HMSA attributes the substantial gain to healthier members due to working together with employers, partners, physicians and other health care providers. In addition, the insurer said it benefited from a suspension of fees and taxes related to the federal Affordable Care Act, a law requiring that most Americans obtain insurance coverage. The federal government suspended this year the annual “insurer fee,” used to help fund federal and state marketplace exchanges where consumers buy health plans, but is expected to reinstate it next year.
The health plan with 727,965 members reported Friday that it collected $889.6 million in premiums in the quarter, up from $876.3 million in the year-earlier period, and spent $777.8 million on medical benefits compared with $757.6 million. HMSA’s administrative expenses rose to $81.1 million from $74.9 million, resulting in an operating gain of $29.9 million, compared with a loss of $24.1 million. Investment gains nearly doubled to
$8.6 million from $4.5 million.
“Our financial stability allows us to work with every stakeholder in the health care system to improve the lives of our members and the health of Hawaii,” said Gina Marting, senior vice president and chief financial officer of the state’s largest health insurer.
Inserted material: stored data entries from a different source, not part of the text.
text \<open>Shearer's inequality for the fractional cover of the even sites by the neighbourhoods of
  the odd sites, with weight \<open>1 / (2 d)\<close>, and the boundary singletons \<open>{u}\<close>, with weight
  \<open>boundary_degree u / (2 d)\<close>.\<close>
lemma weighted_entropy_even_sites_le:
  "weighted_entropy even_sites
     \<le> (\<Sum>v\<in>odd_sites. weighted_entropy (nbrs v) / (2 * real CARD('d)))
       + (\<Sum>u\<in>inner_boundary S. boundary_degree u / (2 * real CARD('d)) * weighted_entropy {u})"
proof -
  let ?Bd = "inner_boundary S"
  define J where "J = odd_sites \<union> ?Bd"
  define A where "A i = (if odd_vertex i then nbrs i else {i})" for i :: "'d vertex"
  define c where "c i = (if odd_vertex i then 1 else boundary_degree i) / (2 * real CARD('d))"
    for i :: "'d vertex"
  have Bd_even: "?Bd \<subseteq> even_sites"
    using even_S unfolding even_set_def inner_boundary_def by (auto simp: even_vertex_iff)
  have finite_Bd: "finite ?Bd" using finite_S unfolding inner_boundary_def by auto
  have "weighted_entropy even_sites \<le> (\<Sum>i\<in>J. c i * weighted_entropy (A i))"
  proof (rule shearer_submodular)
    show "finite even_sites" "finite J" using finite_S finite_Bd unfolding J_def by auto
    show "weighted_entropy {} = 0"
      unfolding weighted_entropy_def mean_log_activity_def marginal_entropy_empty by simp
    show "weighted_entropy (X \<union> Y) + weighted_entropy (X \<inter> Y) \<le> weighted_entropy X + weighted_entropy Y"
      if "X \<subseteq> even_sites" "Y \<subseteq> even_sites" for X Y
      using that finite_S by (intro weighted_entropy_submodular) (auto intro: finite_subset)
    show "c i \<ge> 0" for i unfolding c_def by simp
    show "A i \<subseteq> even_sites" if "i \<in> J" for i
      using that Bd_even nbrs_subset_even_sites unfolding J_def A_def by auto
    show "(\<Sum>i\<in>{i\<in>J. x \<in> A i}. c i) = 1" if x: "x \<in> even_sites" for x
    proof -
      let ?O = "{v\<in>S. odd_vertex v \<and> x \<in> nbrs v}"
      have "{i\<in>J. x \<in> A i} = ?O \<union> (?Bd \<inter> {x})" and "?O \<inter> (?Bd \<inter> {x}) = {}"
        using x Bd_even unfolding J_def A_def by auto
      then have "(\<Sum>i\<in>{i\<in>J. x \<in> A i}. c i) = (\<Sum>i\<in>?O. c i) + (\<Sum>i\<in>?Bd \<inter> {x}. c i)"
        using finite_S finite_Bd by (simp add: sum.union_disjoint)
      also have "\<dots> = (card ?O + boundary_degree x) / (2 * real CARD('d))"
        using x card_boundary_edges_at[of x S] unfolding c_def
        by (cases "x \<in> ?Bd") (auto simp: inner_boundary_def add_divide_distrib)
      also have "\<dots> = 1"
        using arg_cong[where f = real, OF card_odd_nbrs_add_card_boundary_edges[of x S]] x by simp
      finally show ?thesis .
    qed
  qed
  also have "\<dots> = (\<Sum>v\<in>odd_sites. weighted_entropy (nbrs v) / (2 * real CARD('d)))
       + (\<Sum>u\<in>?Bd. boundary_degree u / (2 * real CARD('d)) * weighted_entropy {u})"
    unfolding J_def using finite_S finite_Bd Bd_even
    by (subst sum.union_disjoint) (auto simp: A_def c_def intro!: sum.cong)
  finally show ?thesis .
qed

lemma weighted_entropy_boundary_site:
  assumes "u \<in> inner_boundary S"
  shows "weighted_entropy {u} \<le> ln (lam_set lam (Su u))"
proof -
  have "marginal_entropy {u} = gibbs.entropy (\<lambda>f. f u)"
    unfolding marginal_entropy_def by (rule gibbs.entropy_cong) (auto simp: fun_eq_iff restrict_def)
  also have "\<dots> \<le> ln (\<Sum>y\<in>(\<lambda>f. f u) ` Om. lam y) - gibbs.expect (\<lambda>f. ln (lam (f u)))"
    using lam_pos by (rule gibbs.gibbs_inequality)
  also have "ln (\<Sum>y\<in>(\<lambda>f. f u) ` Om. lam y) \<le> ln (lam_set lam (Su u))"
  proof -
    have "(\<lambda>f. f u) ` Om \<subseteq> Su u"
      using F_boundary assms unfolding Om_def by auto
    then have "(\<Sum>y\<in>(\<lambda>f. f u) ` Om. lam y) \<le> lam_set lam (Su u)"
      unfolding lam_set_def using lam_pos by (intro sum_mono2) (auto intro: less_imp_le)
    moreover have "(\<Sum>y\<in>(\<lambda>f. f u) ` Om. lam y) > 0"
      using Om_nonempty gibbs.finite_Om lam_pos by (simp add: sum_pos)
    ultimately show ?thesis by simp
  qed
  finally show ?thesis
    unfolding weighted_entropy_def mean_log_activity_def by simp
qed

definition site_partition :: "'d vertex \<Rightarrow> ('d vertex \<Rightarrow> 's) \<Rightarrow> real" where
  "site_partition v f =
     (\<Sum>i\<in>I_set lam lam2 S F (X v) v (X v f). lam i * (\<Prod>u\<in>nbrs v. lam2 i (f u)))"

definition nbrs_weight :: "'d vertex \<Rightarrow> ('d vertex \<Rightarrow> 's) \<Rightarrow> real" where
  "nbrs_weight v \<psi> = (\<Prod>u\<in>nbrs v. lam (\<psi> u)) * site_partition v \<psi> ^ (2 * CARD('d))"

definition local_Z :: "'d vertex \<Rightarrow> 'x \<Rightarrow> real" where
  "local_Z v x = Zfun lam lam2 v (Psi_set lam lam2 S F (X v) v x) (I_set lam lam2 S F (X v) v x)"

definition odd_site_bound :: "'d vertex \<Rightarrow> real" where
  "odd_site_bound v =
     (\<Sum>x\<in>X v ` Om. gibbs.law (X v) x / (2 * real CARD('d)) * ln (local_Z v x / gibbs.law (X v) x))"

lemma X_restrict_nbrs: "v \<in> odd_sites \<Longrightarrow> X v (restrict f (nbrs v)) = X v f"
  using X_local by auto

lemma site_partition_restrict_nbrs:
  "v \<in> odd_sites \<Longrightarrow> site_partition v (restrict f (nbrs v)) = site_partition v f"
  unfolding site_partition_def X_restrict_nbrs by simp

lemma site_partition_pos:
  assumes "f \<in> Om" and "v \<in> odd_sites"
  shows "site_partition v f > 0"
  unfolding site_partition_def
proof (rule sum_pos2)
  show "f v \<in> I_set lam lam2 S F (X v) v (X v f)"
    using assms(1) unfolding I_set_def Om_def by auto
  show "lam (f v) * (\<Prod>u\<in>nbrs v. lam2 (f v) (f u)) > 0"
    using site_weight_pos[OF assms] unfolding site_weight_def .
  show "lam i * (\<Prod>u\<in>nbrs v. lam2 i (f u)) \<ge> 0" for i
    using lam_pos lam2_nonneg by (intro mult_nonneg_nonneg prod_nonneg) (auto intro: less_imp_le)
qed simp

lemma nbrs_weight_pos:
  "f \<in> Om \<Longrightarrow> v \<in> odd_sites \<Longrightarrow> nbrs_weight v (restrict f (nbrs v)) > 0"
  unfolding nbrs_weight_def site_partition_restrict_nbrs
  using site_partition_pos lam_pos by (simp add: prod_pos)

lemma local_Z_eq:
  assumes "v \<in> odd_sites"
  shows "local_Z v x = (\<Sum>\<psi>\<in>(\<lambda>f. restrict f (nbrs v)) ` {f\<in>Om. X v f = x}. nbrs_weight v \<psi>)"
proof -
  have "Psi_set lam lam2 S F (X v) v x = (\<lambda>f. restrict f (nbrs v)) ` {f\<in>Om. X v f = x}"
    unfolding Psi_set_def Om_def by auto
  then show ?thesis
    unfolding local_Z_def Zfun_def
  proof (intro sum.cong)
    fix \<psi> assume "\<psi> \<in> (\<lambda>f. restrict f (nbrs v)) ` {f\<in>Om. X v f = x}"
    then have "X v \<psi> = x" using X_restrict_nbrs[OF assms] by auto
    then show "(\<Prod>u\<in>nbrs v. lam (\<psi> u)) *
        (\<Sum>i\<in>I_set lam lam2 S F (X v) v x. lam i * (\<Prod>u\<in>nbrs v. lam2 i (\<psi> u))) ^ (2 * CARD('d))
        = nbrs_weight v \<psi>"
      unfolding nbrs_weight_def site_partition_def by simp
  qed
qed

lemma local_Z_pos:
  assumes "v \<in> odd_sites" and "x \<in> X v ` Om"
  shows "local_Z v x > 0"
  unfolding local_Z_eq[OF assms(1)] using assms gibbs.finite_Om nbrs_weight_pos
  by (intro sum_pos) auto

lemma sum_site_weight_fibre_le:
  assumes v: "v \<in> odd_sites" and f: "f \<in> Om"
  shows "(\<Sum>y\<in>(\<lambda>h. restrict h (insert v (nbrs v))) ` {h\<in>Om. restrict h (nbrs v) = restrict f (nbrs v)}.
            site_weight v y) \<le> site_partition v f"
proof -
  let ?T = "(\<lambda>h. restrict h (insert v (nbrs v))) ` {h\<in>Om. restrict h (nbrs v) = restrict f (nbrs v)}"
  define \<phi> where "\<phi> i = lam i * (\<Prod>u\<in>nbrs v. lam2 i (f u))" for i
  have T: "\<exists>h. h \<in> Om \<and> (\<forall>u\<in>nbrs v. h u = f u) \<and> y = restrict h (insert v (nbrs v))"
    if "y \<in> ?T" for y
    using that by (auto simp: restrict_eq_restrict_iff)
  have "(\<Sum>y\<in>?T. site_weight v y) = (\<Sum>y\<in>?T. \<phi> (y v))"
  proof (rule sum.cong[OF refl])
    fix y assume "y \<in> ?T"
    then obtain h where "\<forall>u\<in>nbrs v. h u = f u" "y = restrict h (insert v (nbrs v))"
      using T by blast
    then show "site_weight v y = \<phi> (y v)"
      unfolding site_weight_def \<phi>_def by (simp cong: prod.cong)
  qed
  also have "\<dots> = (\<Sum>i\<in>(\<lambda>y. y v) ` ?T. \<phi> i)"
  proof (rule sum.reindex[symmetric, unfolded comp_def], rule inj_onI)
    fix y1 y2 assume "y1 \<in> ?T" "y2 \<in> ?T" "y1 v = y2 v"
    then show "y1 = y2" using T[of y1] T[of y2] by (auto simp: restrict_eq_restrict_iff)
  qed
  also have "\<dots> \<le> (\<Sum>i\<in>I_set lam lam2 S F (X v) v (X v f). \<phi> i)"
  proof (rule sum_mono2)
    show "(\<lambda>y. y v) ` ?T \<subseteq> I_set lam lam2 S F (X v) v (X v f)"
    proof
      fix i assume "i \<in> (\<lambda>y. y v) ` ?T"
      then obtain h where "h \<in> Om" "\<forall>u\<in>nbrs v. h u = f u" "i = h v" using T by fastforce
      moreover from this have "X v h = X v f" using X_local v by auto
      ultimately show "i \<in> I_set lam lam2 S F (X v) v (X v f)"
        unfolding I_set_def Om_def by auto
    qed
    show "\<phi> i \<ge> 0" for i
      unfolding \<phi>_def using lam_pos lam2_nonneg
      by (intro mult_nonneg_nonneg prod_nonneg) (auto intro: less_imp_le)
  qed simp
  also have "\<dots> = site_partition v f"
    unfolding site_partition_def \<phi>_def ..
  finally show ?thesis .
qed

lemma entropy_site_given_nbrs_le:
  assumes v: "v \<in> odd_sites"
  shows "marginal_entropy (insert v (nbrs v)) - marginal_entropy (nbrs v)
           + gibbs.expect (\<lambda>f. ln (site_weight v f))
         \<le> gibbs.expect (\<lambda>f. ln (site_partition v f))"
proof -
  let ?g = "\<lambda>f. restrict f (insert v (nbrs v))" and ?c = "\<lambda>f. restrict f (nbrs v)"
  let ?T = "\<lambda>f. ?g ` {h\<in>Om. ?c h = ?c f}"
  have site_weight_g: "site_weight v (?g f) = site_weight v f" for f
    unfolding site_weight_def by (simp cong: prod.cong)
  have "marginal_entropy (insert v (nbrs v)) - marginal_entropy (nbrs v)
      \<le> gibbs.expect (\<lambda>f. ln (\<Sum>y\<in>?T f. site_weight v y) - ln (site_weight v (?g f)))"
    unfolding marginal_entropy_def
    using site_weight_pos[OF _ v] site_weight_g
    by (intro gibbs.conditional_gibbs_inequality) (auto simp: restrict_eq_restrict_iff)
  also have "\<dots> \<le> gibbs.expect (\<lambda>f. ln (site_partition v f) - ln (site_weight v f))"
  proof (rule gibbs.expect_mono)
    fix f assume f: "f \<in> Om"
    have "0 < (\<Sum>y\<in>?T f. site_weight v y)"
      using f gibbs.finite_Om site_weight_pos[OF f v] site_weight_g site_weight_nonneg
      by (intro sum_pos2[of _ "?g f"]) auto
    then show "ln (\<Sum>y\<in>?T f. site_weight v y) - ln (site_weight v (?g f))
        \<le> ln (site_partition v f) - ln (site_weight v f)"
      using sum_site_weight_fibre_le[OF v f] site_weight_g by simp
  qed
  finally show ?thesis unfolding gibbs.expect_diff by linarith
qed

lemma weighted_entropy_nbrs_le:
  assumes v: "v \<in> odd_sites"
  shows "weighted_entropy (nbrs v) + 2 * real CARD('d) * gibbs.expect (\<lambda>f. ln (site_partition v f))
         \<le> (\<Sum>x\<in>X v ` Om. gibbs.law (X v) x * ln (local_Z v x / gibbs.law (X v) x))"
proof -
  let ?\<psi> = "\<lambda>f. restrict f (nbrs v)"
  have ln_nbrs_weight: "ln (nbrs_weight v (?\<psi> f))
      = (\<Sum>u\<in>nbrs v. ln (lam (f u))) + 2 * real CARD('d) * ln (site_partition v f)"
    if "f \<in> Om" for f
    unfolding nbrs_weight_def site_partition_restrict_nbrs[OF v]
    using site_partition_pos[OF that v] lam_pos
    by (simp add: ln_mult prod_pos ln_prod ln_realpow order_less_imp_not_eq2)
  have "marginal_entropy (nbrs v) - gibbs.entropy (X v)
      \<le> gibbs.expect (\<lambda>f. ln (\<Sum>\<psi>\<in>?\<psi> ` {h\<in>Om. X v h = X v f}. nbrs_weight v \<psi>) - ln (nbrs_weight v (?\<psi> f)))"
    unfolding marginal_entropy_def using X_local v nbrs_weight_pos[OF _ v]
    by (intro gibbs.conditional_gibbs_inequality) (auto simp: restrict_eq_restrict_iff)
  also have "\<dots> = gibbs.expect (\<lambda>f. ln (local_Z v (X v f)))
      - mean_log_activity (nbrs v) - 2 * real CARD('d) * gibbs.expect (\<lambda>f. ln (site_partition v f))"
    unfolding local_Z_eq[OF v, symmetric] mean_log_activity_def
    by (simp add: ln_nbrs_weight gibbs.expect_diff gibbs.expect_add gibbs.expect_scale cong: gibbs.expect_cong)
  finally have "weighted_entropy (nbrs v) + 2 * real CARD('d) * gibbs.expect (\<lambda>f. ln (site_partition v f))
      \<le> gibbs.entropy (X v) + gibbs.expect (\<lambda>f. ln (local_Z v (X v f)))"
    unfolding weighted_entropy_def by linarith
  also have "\<dots> = (\<Sum>x\<in>X v ` Om. gibbs.law (X v) x * ln (local_Z v x))
      - (\<Sum>x\<in>X v ` Om. gibbs.law (X v) x * ln (gibbs.law (X v) x))"
    unfolding gibbs.entropy_eq_sum_law gibbs.expect_comp[of "\<lambda>x. ln (local_Z v x)" "X v"] by simp
  also have "\<dots> = (\<Sum>x\<in>X v ` Om. gibbs.law (X v) x * ln (local_Z v x / gibbs.law (X v) x))"
    unfolding sum_subtractf[symmetric]
  proof (rule sum.cong[OF refl])
    fix x assume x: "x \<in> X v ` Om"
    then have "local_Z v x > 0" and "gibbs.law (X v) x > 0"
      using local_Z_pos[OF v x] gibbs.law_pos_iff[of "X v" x] by auto
    then show "gibbs.law (X v) x * ln (local_Z v x) - gibbs.law (X v) x * ln (gibbs.law (X v) x)
        = gibbs.law (X v) x * ln (local_Z v x / gibbs.law (X v) x)"
      by (simp add: ln_div right_diff_distrib)
  qed
  finally show ?thesis .
qed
Meanwhile, Hawaii’s health care industry is going through major changes, largely due to an overhaul in the way HMSA pays providers. The insurer started
in 2017 reimbursing
physicians a fixed monthly rate for each patient in a practice, regardless of how many times a patient
visits the doctor.
That replaced the fee-for-service model, which pays doctors based on the number of visits and type of service. The payment model is intended to improve patient care, thereby controlling unsustainable health costs.